KASABA’NIN SEVDALARI VE TÜRKÜLERİ

      Kasabalıların sevdaları da, türküleri de az sulu rakı gibidir.  İçtikçe vurur, vurdukça hüzünlendirir. Bu şehrin sevdaları da, türküleri de sokaklarına ve de caddelerine benzer. Caddeleri aşklara uzanır, sokaklarında türküler söylenir.
    Turgutlu Türküleri ve sen Kasaba; senin sokaklarında gezmekte zordur, senden ayrı kalmakta. Senden nefret etmek çok kolay. Seni sevmekse Cehennemden bin beter. Sen ki en çok sevenini aldatırsın, en çok sevenini üzersin hiç acımadan. Senin her sokağın yalnızlığa uzanır. Senin türkülerin bile dert yüklüdür, bir dinleyene bin ah çektirir.
     Kasaba’nın türküleri var ya türküleri, hani o “Avşarla / Derbent Arası” türküsü,  insanın yüreğini yakan, insanı alıp eski aşklarına götüren, dinleyene bir damla gözyaşında boğduran türkü. Hiç dinlediniz mi bu Kasaba türküsünü?



     Ya da “Yandım Ayşem’i” ? Unutulan sevgilileri hatırlatan türküyü dinlediniz mi?  Bırakıp gidenler adına derlenmiş bu sevda yüklü türküyü dinlediniz mi?
    Aslında Kasaba’nın türküleri de evleri de acı doludur, bu şehrin gençlerinin nice gözyaşları taşar bir sevda uğruna pencerelerinden. Niceleri gerçeklerini saklar da geceleri gözyaşlarına boğulup kendi acısına ağlar. 

     
    Hele de, bir düğün alayının “Gelin Bindi” havası ortalığı inletirse, hüzünlenir Kasaba’ın bütün sokakları ve o gün her bir köşede bir sevda hikâyesi anlatılır. Ama bu şehrin insanları, kendi türküsünü söyler de bilmez bu türkünün Kasaba’nın ezgisi olduğunu. Bu şehrin insanları, dost sohbetlerinde kahvenin en tellisini, çayın daha bir demlisini içer, kalkıp arkasından “Hovarda Zeybeği’ni oynar, “Onyedi Benli’yi”, “Yörük Ali’yi” oynar da, bilmez bu havaların kasaba’nın havası olduğunu.
      Nedendir bilinmez, bu şehrin düğünlerinde önce hüzünlü şarkılar okunur. Ardından ortalık cümbüşe döner, sonra birileri çıkar “Koca Arap Zeybeği’ni oynar,”  “İki Parmak Zeybeği’ni”, “Çaktım Çaktım’mı” oynar. Oynar da, bilmez o yere diz vurmaların, dönüp dönüp el vurmalarının kaynağı bu şehrin zeybeği olduğunu.
     Bir gün bir düğünde, ortaya birisi çıkıp, beş parmağını havaya kaldırıp, öbür avucuyla bir daire çizerek hüzünlü bir havanın eşliğinde bir zeybek oynarsa,    arada bir de topuklarını yere sertçe vurursa, sakın bu zeybek havasını da bilmiyoruz demeyin. Bu hava, Turgutlu yöresinin “Atatürk Zeybeği’”dir. 

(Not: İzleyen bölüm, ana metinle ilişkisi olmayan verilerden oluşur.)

(*
  With s = sqrt (2 ln eta), the Gaussian tail bound 1 - Phi s <= exp (- s^2 / 2) = 1 / eta shows
  that the weight w_eta is within l / eta of the indicator of S everywhere except on the boundary
  layer of width s / eta around the facets. Since S is bounded, so is a small relaxation of S
  (a consequence of Farkas' lemma), hence the relevant part of the layer lies in a fixed ball;
  there each slab has volume O(s / eta), as about eta / s disjoint translates of it fit into the
  ball. A density bounded by M converts this volume into probability O(sqrt (ln eta) / eta).
*)
theory Submission
  imports Defs "HOL-Real_Asymp.Real_Asymp"
begin

lemma std_normal_density_le_exp: "std_normal_density s \<le> exp (- s\<^sup>2 / 2)"
proof -
  have "1 \<le> sqrt (2 * pi)" using pi_gt3 by (simp add: real_le_rsqrt)
  then show ?thesis unfolding std_normal_density_def by (simp add: divide_le_eq)
qed

text \<open>On \<open>[s, \<infinity>)\<close> with \<open>s \<ge> 1\<close> the density \<open>\<phi>\<close> is dominated by \<open>x \<phi>(x)\<close>,
  whose antiderivative is \<open>-\<phi>\<close>.\<close>
lemma std_normal_upper_tail_le:
  assumes "1 \<le> s"
  shows "(\<integral>\<^sup>+x. ennreal (std_normal_density x) * indicator {s..} x \<partial>lborel)
           \<le> ennreal (std_normal_density s)"
proof -
  have "(\<integral>\<^sup>+x. ennreal (std_normal_density x) * indicator {s..} x \<partial>lborel)
     \<le> (\<integral>\<^sup>+x. ennreal (x * std_normal_density x) * indicator {s..} x \<partial>lborel)"
  proof (rule nn_integral_mono)
    fix x
    show "ennreal (std_normal_density x) * indicator {s..} x
            \<le> ennreal (x * std_normal_density x) * indicator {s..} x"
    proof (cases "s \<le> x")
      case True
      then have "std_normal_density x \<le> x * std_normal_density x"
        using assms mult_right_mono[of 1 x "std_normal_density x"] by simp
      then show ?thesis using True by (simp add: ennreal_leI)
    qed simp
  qed
  also have "\<dots> = ennreal (0 - (- std_normal_density s))"
  proof (rule nn_integral_FTC_atLeast)
    show "DERIV (\<lambda>x. - std_normal_density x) x :> x * std_normal_density x" for x
      unfolding std_normal_density_def
      by (auto intro!: derivative_eq_intros simp: field_simps power2_eq_square)
    show "((\<lambda>x. - std_normal_density x) \<longlongrightarrow> 0) at_top"
      unfolding std_normal_density_def by real_asymp
  qed (use assms in auto)
  finally show ?thesis by simp
qed

lemma prob_space_std_normal: "prob_space (density lborel std_normal_density)"
  by (rule prob_space_normal_density) simp

lemma Phi_nonneg: "0 \<le> Phi x"
  unfolding Phi_def by simp

lemma Phi_le_1: "Phi x \<le> 1"
  unfolding Phi_def using prob_space.prob_le_1[OF prob_space_std_normal] by simp

lemma Phi_mono:
  assumes "x \<le> y"
  shows "Phi x \<le> Phi y"
proof -
  interpret N: prob_space "density lborel std_normal_density" by (rule prob_space_std_normal)
  show ?thesis unfolding Phi_def using assms by (intro N.finite_measure_mono) auto
qed

lemma borel_measurable_Phi [measurable]: "Phi \<in> borel_measurable borel"
  by (rule borel_measurable_mono) (auto simp: mono_def Phi_mono)

lemma one_minus_Phi_le:
  assumes "1 \<le> s"
  shows "1 - Phi s \<le> exp (- s\<^sup>2 / 2)"
proof -
  interpret N: prob_space "density lborel std_normal_density" by (rule prob_space_std_normal)
  have "1 - Phi s = N.prob (- {..s})"
    unfolding Phi_def using N.prob_compl[of "{..s}"] by (simp add: Compl_eq_Diff_UNIV)
  also have "\<dots> \<le> N.prob {s..}"
    by (intro N.finite_measure_mono) auto
  also have "\<dots> \<le> std_normal_density s"
    using std_normal_upper_tail_le[OF assms]
    by (subst (asm) emeasure_density[symmetric]) (auto simp: N.emeasure_eq_measure mult.commute)
  finally show ?thesis using std_normal_density_le_exp by (rule order_trans)
qed

lemma Phi_neg_le:
  assumes "1 \<le> s"
  shows "Phi (- s) \<le> exp (- s\<^sup>2 / 2)"
proof -
  interpret N: prob_space "density lborel std_normal_density" by (rule prob_space_std_normal)
  have "emeasure (density lborel std_normal_density) {..-s}
       = (\<integral>\<^sup>+x. ennreal (std_normal_density x) * indicator {..-s} x \<partial>distr lborel borel uminus)"
    by (subst emeasure_density) (auto simp: mult.commute lborel_distr_uminus)
  also have "\<dots> = (\<integral>\<^sup>+x. ennreal (std_normal_density x) * indicator {s..} x \<partial>lborel)"
    by (subst nn_integral_distr)
       (auto intro!: nn_integral_cong simp: std_normal_density_def split: split_indicator)
  also have "\<dots> \<le> ennreal (std_normal_density s)" by (rule std_normal_upper_tail_le[OF assms])
  finally have "Phi (- s) \<le> std_normal_density s"
    unfolding Phi_def N.emeasure_eq_measure by (simp add: ennreal_le_iff)
  then show ?thesis using std_normal_density_le_exp by (rule order_trans)
qed

text \<open>Separate \<open>(0, -1)\<close> from the closed cone generated by \<open>V\<close>: a separating functional
  \<open>(p, q)\<close> has \<open>q > 0\<close> and makes \<open>-p/q\<close> a feasible point.\<close>
lemma Farkas_infeasible_halfspaces:
  fixes V :: "('a::euclidean_space \<times> real) set"
  assumes "finite V" and infeasible: "\<forall>y. \<exists>(a, c)\<in>V. c < a \<bullet> y"
  shows "\<exists>u. (\<forall>v\<in>V. 0 \<le> u v) \<and> (\<Sum>v\<in>V. u v *\<^sub>R fst v) = 0 \<and> (\<Sum>v\<in>V. u v * snd v) < 0"
proof -
  let ?K = "convex_cone hull V"
  have "V \<noteq> {}" using infeasible by blast
  have "(0, -1) \<in> ?K"
  proof (rule ccontr)
    assume "(0, -1) \<notin> ?K"
    then obtain p q \<beta> where sep: "(p, q) \<bullet> (0::'a, -1::real) < \<beta>" "\<forall>x\<in>?K. \<beta> < (p, q) \<bullet> x"
      using separating_hyperplane_closed_point[OF convex_convex_cone_hull closed_convex_cone_hull[OF \<open>finite V\<close>]]
      by (metis surj_pair)
    have "\<beta> < 0" using sep(2) convex_cone_hull_contains_0 by fastforce
    have "0 \<le> (p, q) \<bullet> v" if "v \<in> V" for v
    proof (rule ccontr)
      assume neg: "\<not> 0 \<le> (p, q) \<bullet> v"
      have "(\<beta> / ((p, q) \<bullet> v)) *\<^sub>R v \<in> ?K"
        using neg \<open>\<beta> < 0\<close> that conic_convex_cone_hull[of V]
        by (intro conicD[where S = ?K]) (auto intro: hull_inc simp: divide_nonpos_neg)
      then show False using sep(2) neg by fastforce
    qed
    moreover have "0 < q" using sep(1) \<open>\<beta> < 0\<close> by simp
    ultimately have "a \<bullet> (- (1 / q) *\<^sub>R p) \<le> c" if "(a, c) \<in> V" for a c
      using that by (fastforce simp: field_simps inner_commute)
    moreover obtain a c where "(a, c) \<in> V" "c < a \<bullet> (- (1 / q) *\<^sub>R p)"
      using infeasible by blast
    ultimately show False by fastforce
  qed
  then obtain c x where "0 \<le> c" "x \<in> convex hull V" "(0, -1) = c *\<^sub>R x"
    using convex_cone_hull_convex_hull_nonempty[OF \<open>V \<noteq> {}\<close>] by blast
  moreover obtain u where "\<forall>v\<in>V. 0 \<le> u v" "(\<Sum>v\<in>V. u v *\<^sub>R v) = x"
    using convex_hull_finite[OF \<open>finite V\<close>] \<open>x \<in> convex hull V\<close> by auto
  ultimately have "\<forall>v\<in>V. 0 \<le> c * u v" "(\<Sum>v\<in>V. (c * u v) *\<^sub>R v) = (0, -1)"
    by (auto simp: scaleR_sum_right)
  then show ?thesis
    by (intro exI[of _ "\<lambda>v. c * u v"])
       (auto simp: fst_sum snd_sum dest: arg_cong[where f = fst] arg_cong[where f = snd])
qed

lemma eventually_relaxed_halfspaces_infeasible:
  fixes V :: "('a::euclidean_space \<times> real) set"
  assumes "finite V" and "\<forall>y. \<exists>(a, c)\<in>V. c < a \<bullet> y"
  shows "\<forall>\<^sub>F t in at_right 0. \<forall>y::'a. \<exists>(a, c)\<in>V. c + t < a \<bullet> y"
proof -
  obtain u where u: "\<forall>v\<in>V. 0 \<le> u v" "(\<Sum>v\<in>V. u v *\<^sub>R fst v) = 0" "(\<Sum>v\<in>V. u v * snd v) < 0"
    using Farkas_infeasible_halfspaces[OF assms] by blast
  define \<sigma> where "\<sigma> = (\<Sum>v\<in>V. u v)"
  define \<gamma> where "\<gamma> = (\<Sum>v\<in>V. u v * snd v)"
  have "0 \<le> \<sigma>" "\<gamma> < 0" using u by (auto simp: \<sigma>_def \<gamma>_def sum_nonneg)
  have "\<forall>y::'a. \<exists>(a, c)\<in>V. c + t < a \<bullet> y" if "t * \<sigma> < - \<gamma>" for t
  proof (rule ccontr)
    assume "\<not> (\<forall>y::'a. \<exists>(a, c)\<in>V. c + t < a \<bullet> y)"
    then obtain y :: 'a where y: "\<forall>v\<in>V. fst v \<bullet> y \<le> snd v + t"
      by (auto simp: not_less case_prod_beta)
    have "0 = (\<Sum>v\<in>V. u v *\<^sub>R fst v) \<bullet> y" using u(2) by simp
    also have "\<dots> = (\<Sum>v\<in>V. u v * (fst v \<bullet> y))" by (simp add: inner_sum_left)
    also have "\<dots> \<le> (\<Sum>v\<in>V. u v * (snd v + t))"
      using u(1) y by (intro sum_mono mult_left_mono) auto
    also have "\<dots> = \<gamma> + t * \<sigma>"
      by (simp add: \<gamma>_def \<sigma>_def distrib_left sum.distrib sum_distrib_left mult.commute)
    finally show False using that by linarith
  qed
  moreover have "\<forall>\<^sub>F t in at_right 0. t * \<sigma> < - \<gamma>"
  proof -
    have "((\<lambda>t. t * \<sigma>) \<longlongrightarrow> 0 * \<sigma>) (at_right 0)" by (intro tendsto_intros)
    then show ?thesis using \<open>\<gamma> < 0\<close> by (intro order_tendstoD(2)) auto
  qed
  ultimately show ?thesis by (auto elim: eventually_mono)
qed

lemma eventually_relaxed_polytope_subset_halfspace:
  fixes m :: "nat \<Rightarrow> 'a::euclidean_space"
  assumes "\<forall>y\<in>polytope m b l. a \<bullet> y < c"
  shows "\<forall>\<^sub>F t in at_right 0. polytope m (\<lambda>k. b k + t) l \<subseteq> {y. a \<bullet> y < c}"
proof -
  define V where "V = insert (- a, - c) ((\<lambda>k. (m k, b k)) ` {..<l})"
  have "\<forall>y. \<exists>(a', c')\<in>V. c' < a' \<bullet> y"
    using assms by (force simp: V_def polytope_def not_le)
  then have "\<forall>\<^sub>F t in at_right 0. \<forall>y. \<exists>(a', c')\<in>V. c' + t < a' \<bullet> y"
    by (intro eventually_relaxed_halfspaces_infeasible) (simp add: V_def)
  with eventually_at_right_less show ?thesis
  proof eventually_elim
    case (elim t)
    show ?case
    proof
      fix y assume y: "y \<in> polytope m (\<lambda>k. b k + t) l"
      obtain a' c' where "(a', c') \<in> V" "c' + t < a' \<bullet> y" using elim(2) by blast
      with y \<open>0 < t\<close> show "y \<in> {y. a \<bullet> y < c}" by (auto simp: V_def polytope_def)
    qed
  qed
qed

lemma eventually_relaxed_polytope_bounded:
  fixes m :: "nat \<Rightarrow> 'a::euclidean_space"
  assumes "bounded (polytope m b l)"
  shows "\<exists>R. \<forall>\<^sub>F t in at_right 0. polytope m (\<lambda>k. b k + t) l \<subseteq> cball 0 R"
proof -
  obtain R where R: "\<And>y. y \<in> polytope m b l \<Longrightarrow> norm y \<le> R"
    using assms by (auto simp: bounded_iff)
  have "\<forall>\<^sub>F t in at_right 0. polytope m (\<lambda>k. b k + t) l \<subseteq> {y. (\<sigma> *\<^sub>R i) \<bullet> y < R + 1}"
    if "(i, \<sigma>) \<in> Basis \<times> {-1, 1}" for i \<sigma>
  proof (intro eventually_relaxed_polytope_subset_halfspace ballI)
    fix y assume "y \<in> polytope m b l"
    then have "\<bar>i \<bullet> y\<bar> \<le> R" using R Basis_le_norm[of i y] that by (force simp: inner_commute)
    then show "(\<sigma> *\<^sub>R i) \<bullet> y < R + 1" using that by auto
  qed
  then have "\<forall>\<^sub>F t in at_right 0. \<forall>(i, \<sigma>)\<in>Basis \<times> {-1, 1}.
      polytope m (\<lambda>k. b k + t) l \<subseteq> {y. (\<sigma> *\<^sub>R i) \<bullet> y < R + 1}"
    by (intro eventually_ball_finite) auto
  then have "\<forall>\<^sub>F t in at_right 0. polytope m (\<lambda>k. b k + t) l \<subseteq> cball 0 (DIM('a) * (R + 1))"
  proof (rule eventually_mono, safe)
    fix t y
    assume "\<forall>(i, \<sigma>)\<in>Basis \<times> {-1, 1}. polytope m (\<lambda>k. b k + t) l \<subseteq> {y. (\<sigma> *\<^sub>R i) \<bullet> y < R + 1}"
      and "y \<in> polytope m (\<lambda>k. b k + t) l"
    then have "\<bar>y \<bullet> i\<bar> \<le> R + 1" if "i \<in> Basis" for i
      using that by (fastforce simp: inner_commute abs_le_iff)
    then have "norm y \<le> DIM('a) * (R + 1)"
      using norm_le_l1[of y] sum_mono[of Basis "\<lambda>i. \<bar>y \<bullet> i\<bar>" "\<lambda>_. R + 1"] by simp
    then show "y \<in> cball 0 (DIM('a) * (R + 1))" by simp
  qed
  then show ?thesis by blast
qed

lemma measure_le_of_disjoint_translates:
  fixes S A :: "'a::euclidean_space set"
  assumes S: "S \<in> lmeasurable" and A: "A \<in> lmeasurable"
    and translates_sub: "\<And>j y. j < N \<Longrightarrow> y \<in> S \<Longrightarrow> real j *\<^sub>R v + y \<in> A"
    and translates_disjoint: "\<And>i j. i < N \<Longrightarrow> j < N \<Longrightarrow> i \<noteq> j \<Longrightarrow>
           (+) (real i *\<^sub>R v) ` S \<inter> (+) (real j *\<^sub>R v) ` S = {}"
  shows "real N * measure lebesgue S \<le> measure lebesgue A"
proof -
  have "real N * measure lebesgue S = (\<Sum>j<N. measure lebesgue ((+) (real j *\<^sub>R v) ` S))"
    by (simp add: measure_translation)
  also have "\<dots> = measure lebesgue (\<Union>j<N. (+) (real j *\<^sub>R v) ` S)"
    by (rule measure_UNION'[symmetric])
       (use S translates_disjoint in \<open>auto intro: measurable_translation simp: pairwise_def disjnt_def\<close>)
  also have "\<dots> \<le> measure lebesgue A"
    by (rule measure_mono_fmeasurable)
       (use translates_sub A S in \<open>auto intro!: fmeasurableD measurable_translation\<close>)
  finally show ?thesis .
qed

        Bu şehrin, bu hüzünlü Kasaba insanlarının hayatları vardır anlatamadıkları, bir de tek başına kalınca yaşadıkları… Geceleri ikiye bölüp acıklı şarkılar, türküler söyledikleri vardır. Ve bu kentin insanları kendi hikâyesini en acıklı sanır. Oysa türkülerin en acıklısı, hikâyesi en hüzünlüsü “Alimin Evleri” türküsüdür. Bu Kasaba türküsünde yaşanır ayrılıkların en divanesi, en şahanesi.

Alimin evleri tepe başında,
eniştemin evi yanı başında.
Oy alim, alim haydarım alim,
dönenin oğlu da güllünün yâri
paydos'un soyu aslanım alim.
(paydos'un soyu civanım alim)

Alinin evleri yaylaya göçtü,
yayla dönüşte de yol ayrı düştü.
Oy alim alim haydarım alim,
dönenin oğlu da güllünün yari,
paydos'un soyu aslanım alim.

 Halil Çokyürekli ve İbrahim Acet’in yüreklerine sağlık.